Now for those of you out there that think I’m crazy for telling my first orgasm story and for talking about masturbation and sex education in general, you’re right, I am. I’m crazy for wanting a world that young adults know how to use their bodies for pleasure and find ways to naturally relieve stress and anxiety. When a person orgasms, thousands of oxytocin hormones, the feel damn good hormones, are released from your brain, leaving a person feeling waves and waves of pleasure, calmness, and happiness- something the majority of pills can never do. Masturbation is a known temporary aide for menstrual cramps, it helps with insomnia, weight loss, and all around built up stress in a person's life so why isn’t it being taught or encouraged my teachers, parents, and peers? Humans are the only members of the animal kingdom that are shamed for masturbating and engaging in sexual activity. We are the only creatures that are afraid of our bodies and the sheer power they can have, and it is for this reason, the fact that members of the LGBTQ+ community are taught little to nothing about safe sexual activity and how to actually have sex by educators, leaving them to either fear sex or find out information by themselves, and the fact that rape culture even exists. The sheer concept that my friend was sexually assaulted by a person after she said the one golden word, “No,” blows my freaking mind because sex and sexual acts are meant for pleasure, not for pain. They are meant to be a means of exploring one's own body, exploring one's partner(s), having fun, bonding, engaging in an act of love and/or procreation, having sex because damn it feels good! Never should a person feel unsafe about having sex. Never should a sexual act not have consent from both or all parties involved. Never should a person be victim blamed for being abused. Never should a person be “slut shamed” for having sex. Never should a person be forced to do anything they don’t want to do. And never should a person feel afraid or embarrassed to explore their own body if they so want to.
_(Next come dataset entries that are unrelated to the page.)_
primrec mpow :: "cmat \<Rightarrow> nat \<Rightarrow> cmat" where
  "mpow M 0 = mat 1"
| "mpow M (Suc n) = M ** mpow M n"

definition mexp :: "cmat \<Rightarrow> cmat" where
  "mexp M = (\<Sum>n. (1 / fact n) *\<^sub>R mpow M n)"

definition oneparam :: "cmat \<Rightarrow> complex \<Rightarrow> cmat" where
  "oneparam U t = mexp (smat t U)"

definition opnorm :: "cmat \<Rightarrow> real" where
  "opnorm M = onorm (\<lambda>v. M *v v)"

definition Xm :: cmat where
  "Xm = mk2 (1/2) 0 0 (-1/2)"

definition thetam :: cmat where
  "thetam = mk2 0 (-1/2) (1/2) 0"

definition Ym :: cmat where
  "Ym = oneparam thetam (complex_of_real (pi/2)) ** Xm ** oneparam thetam (complex_of_real (-pi/2))"

end

theory Submission
  imports Defs
begin

(* Y = [[0,1/2],[1/2,0]] is diagonalised by a real change of basis, so Y(b) is a hyperbolic
   rotation with entries cosh(b/2), sinh(b/2), while X(a) = diag(e^(a/2), e^(-a/2)). Hence
   Y(b) X(a) Y(-b) = cosh(a/2) I + sinh(a/2) [[cosh b, -sinh b], [sinh b, -cosh b]], and the
   operator norm of a difference of two such matrices is bounded by the sum of its entries.
   Everything then follows from |e^z - e^w| <= |z - w| e^(|z - w|) e^(|w|): perturbing a costs
   eps |a| e^(|a|), perturbing b costs a factor 2 eps e^(|b|), for a total of
   11 e^(|a| + |b|) |a| eps, and |a| <= A. *)

lemma norm_exp_diff_le:
  fixes z w :: "'a::{real_normed_field,banach}"
  shows "norm (exp z - exp w) \<le> norm (z - w) * exp (norm (z - w)) * exp (norm w)"
proof -
  have "norm (exp z - exp w) \<le> exp (norm w + norm (z - w)) * norm (z - w)"
  proof (rule field_differentiable_bound[of "cball w (norm (z - w))" exp exp])
    fix \<zeta> assume "\<zeta> \<in> cball w (norm (z - w))"
    then have "norm \<zeta> \<le> norm w + norm (z - w)"
      using norm_triangle_sub[of \<zeta> w] by (simp add: dist_norm norm_minus_commute)
    then show "norm (exp \<zeta>) \<le> exp (norm w + norm (z - w))"
      using norm_exp[of \<zeta>] by (meson exp_le_cancel_iff order_trans)
  qed (auto intro: DERIV_exp has_field_derivative_at_within simp: dist_norm norm_minus_commute)
  then show ?thesis
    by (simp add: exp_add mult_ac)
qed

lemma norm_cosh_diff_le:
  fixes z w :: "'a::{real_normed_field,banach}"
  shows "norm (cosh z - cosh w) \<le> norm (z - w) * exp (norm (z - w)) * exp (norm w)"
proof -
  have eq: "cosh z - cosh w = ((exp z - exp w) + (exp (- z) - exp (- w))) / 2"
    by (simp add: cosh_field_def field_simps)
  have "norm (cosh z - cosh w) \<le> (norm (exp z - exp w) + norm (exp (- z) - exp (- w))) / 2"
    unfolding eq norm_divide by (simp add: divide_right_mono norm_triangle_ineq)
  also have "\<dots> \<le> norm (z - w) * exp (norm (z - w)) * exp (norm w)"
    using norm_exp_diff_le[of z w] norm_exp_diff_le[of "- z" "- w"]
    by (simp add: norm_minus_commute)
  finally show ?thesis .
qed

lemma norm_sinh_diff_le:
  fixes z w :: "'a::{real_normed_field,banach}"
  shows "norm (sinh z - sinh w) \<le> norm (z - w) * exp (norm (z - w)) * exp (norm w)"
proof -
  have eq: "sinh z - sinh w = ((exp z - exp w) - (exp (- z) - exp (- w))) / 2"
    by (simp add: sinh_field_def field_simps)
  have "norm (sinh z - sinh w) \<le> (norm (exp z - exp w) + norm (exp (- z) - exp (- w))) / 2"
    unfolding eq norm_divide by (simp add: divide_right_mono norm_triangle_ineq4)
  also have "\<dots> \<le> norm (z - w) * exp (norm (z - w)) * exp (norm w)"
    using norm_exp_diff_le[of z w] norm_exp_diff_le[of "- z" "- w"]
    by (simp add: norm_minus_commute)
  finally show ?thesis .
qed

lemma norm_sinh_le:
  fixes z :: "'a::{real_normed_field,banach}"
  shows "norm (sinh z) \<le> norm z * exp (norm z)"
  using norm_sinh_diff_le[of z 0] by simp

lemma norm_cosh_le_exp_norm:
  fixes z :: "'a::{real_normed_field,banach}"
  shows "norm (cosh z) \<le> exp (norm z)"
proof -
  have "norm (cosh z) \<le> (norm (exp z) + norm (exp (- z))) / 2"
    by (simp add: cosh_field_def norm_divide divide_right_mono norm_triangle_ineq)
  also have "\<dots> \<le> exp (norm z)"
    using norm_exp[of z] norm_exp[of "- z"] by simp
  finally show ?thesis .
qed

lemma norm_sinh_le_exp_norm:
  fixes z :: "'a::{real_normed_field,banach}"
  shows "norm (sinh z) \<le> exp (norm z)"
proof -
  have "norm (sinh z) \<le> (norm (exp z) + norm (exp (- z))) / 2"
    by (simp add: sinh_field_def norm_divide divide_right_mono norm_triangle_ineq4)
  also have "\<dots> \<le> exp (norm z)"
    using norm_exp[of z] norm_exp[of "- z"] by simp
  finally show ?thesis .
qed

lemma norm_mult_diff_le:
  fixes w w' s s' :: "'a::real_normed_algebra"
  shows "norm (w * s - w' * s') \<le> norm w * norm (s - s') + norm (w - w') * norm s'"
proof -
  have "w * s - w' * s' = w * (s - s') + (w - w') * s'"
    by (simp add: algebra_simps)
  then have "norm (w * s - w' * s') \<le> norm (w * (s - s')) + norm ((w - w') * s')"
    by (simp only: norm_triangle_ineq)
  also have "\<dots> \<le> norm w * norm (s - s') + norm (w - w') * norm s'"
    by (intro add_mono norm_mult_ineq)
  finally show ?thesis .
qed

lemma exp_perturbation_factor_le:
  assumes "norm (z - w) \<le> r"
  shows "norm (z - w) * exp (norm (z - w)) * exp (norm w) \<le> r * exp (r + norm w)"
proof -
  have "0 \<le> r"
    using assms norm_ge_zero order_trans by blast
  with assms have "norm (z - w) * exp (norm (z - w)) \<le> r * exp r"
    by (intro mult_mono) auto
  then show ?thesis
    by (simp add: exp_add mult.assoc[symmetric] mult_right_mono)
qed

lemma cosh_sinh_half_rel_perturbation:
  fixes a a' :: "'a::{real_normed_field,banach}"
  assumes "norm (a - a') \<le> \<epsilon> * norm a" "\<epsilon> \<le> 1"
  shows "norm (cosh (a/2) - cosh (a'/2)) \<le> \<epsilon> * norm a * exp (norm a) / 2"
    and "norm (sinh (a/2) - sinh (a'/2)) \<le> \<epsilon> * norm a * exp (norm a) / 2"
    and "norm (sinh (a'/2)) \<le> norm a * exp (norm a)"
proof -
  have "\<epsilon> * norm a \<le> norm a"
    using assms mult_right_mono[of \<epsilon> 1 "norm a"] by simp
  have dist: "norm (a'/2 - a/2) \<le> \<epsilon> * norm a / 2"
    using assms(1) by (simp add: norm_minus_commute norm_divide flip: diff_divide_distrib)
  have "0 \<le> \<epsilon> * norm a"
    using assms(1) norm_ge_zero order_trans by blast
  then have "\<epsilon> * norm a / 2 * exp (\<epsilon> * norm a / 2 + norm (a/2)) \<le> \<epsilon> * norm a * exp (norm a) / 2"
    using \<open>\<epsilon> * norm a \<le> norm a\<close> by (simp add: norm_divide mult_left_mono)
  then have bound: "norm (a'/2 - a/2) * exp (norm (a'/2 - a/2)) * exp (norm (a/2))
      \<le> \<epsilon> * norm a * exp (norm a) / 2"
    using exp_perturbation_factor_le[OF dist] by linarith
  show "norm (cosh (a/2) - cosh (a'/2)) \<le> \<epsilon> * norm a * exp (norm a) / 2"
    using norm_cosh_diff_le[of "a'/2" "a/2"] bound by (simp add: norm_minus_commute)
  show "norm (sinh (a/2) - sinh (a'/2)) \<le> \<epsilon> * norm a * exp (norm a) / 2"
    using norm_sinh_diff_le[of "a'/2" "a/2"] bound by (simp add: norm_minus_commute)
  have "norm a' \<le> 2 * norm a"
    using norm_triangle_ineq2[of a' a] assms(1) \<open>\<epsilon> * norm a \<le> norm a\<close>
    by (simp add: norm_minus_commute)
  then have "norm (a'/2) * exp (norm (a'/2)) \<le> norm a * exp (norm a)"
    by (intro mult_mono) (simp_all add: norm_divide)
  then show "norm (sinh (a'/2)) \<le> norm a * exp (norm a)"
    using norm_sinh_le[of "a'/2"] by linarith
qed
So while masturbation and sexual acts are an absolute delight, and I am a strong advocate and supporter of all people who fall along the “Sex Spectrum” of waiting until marriage, choosing to with-stain from sexual acts all together, having one monogamous partner, having multiple partners, having yourself as a partner, I will support all of these with my whole heart. But what I refuse to support are the people who shame others for being curious or for choosing to be sexually active with one or many partners. I have no tolerance for rapists and perpetrators of sexual assault or violence. And I have no tolerance for people and for educational systems who choose to educate their students on every topic from Algebra to Basket Weaving, but are reluctant to teaching students how to love themselves and how to properly be safe and unafraid of the amazing things their bodies can do.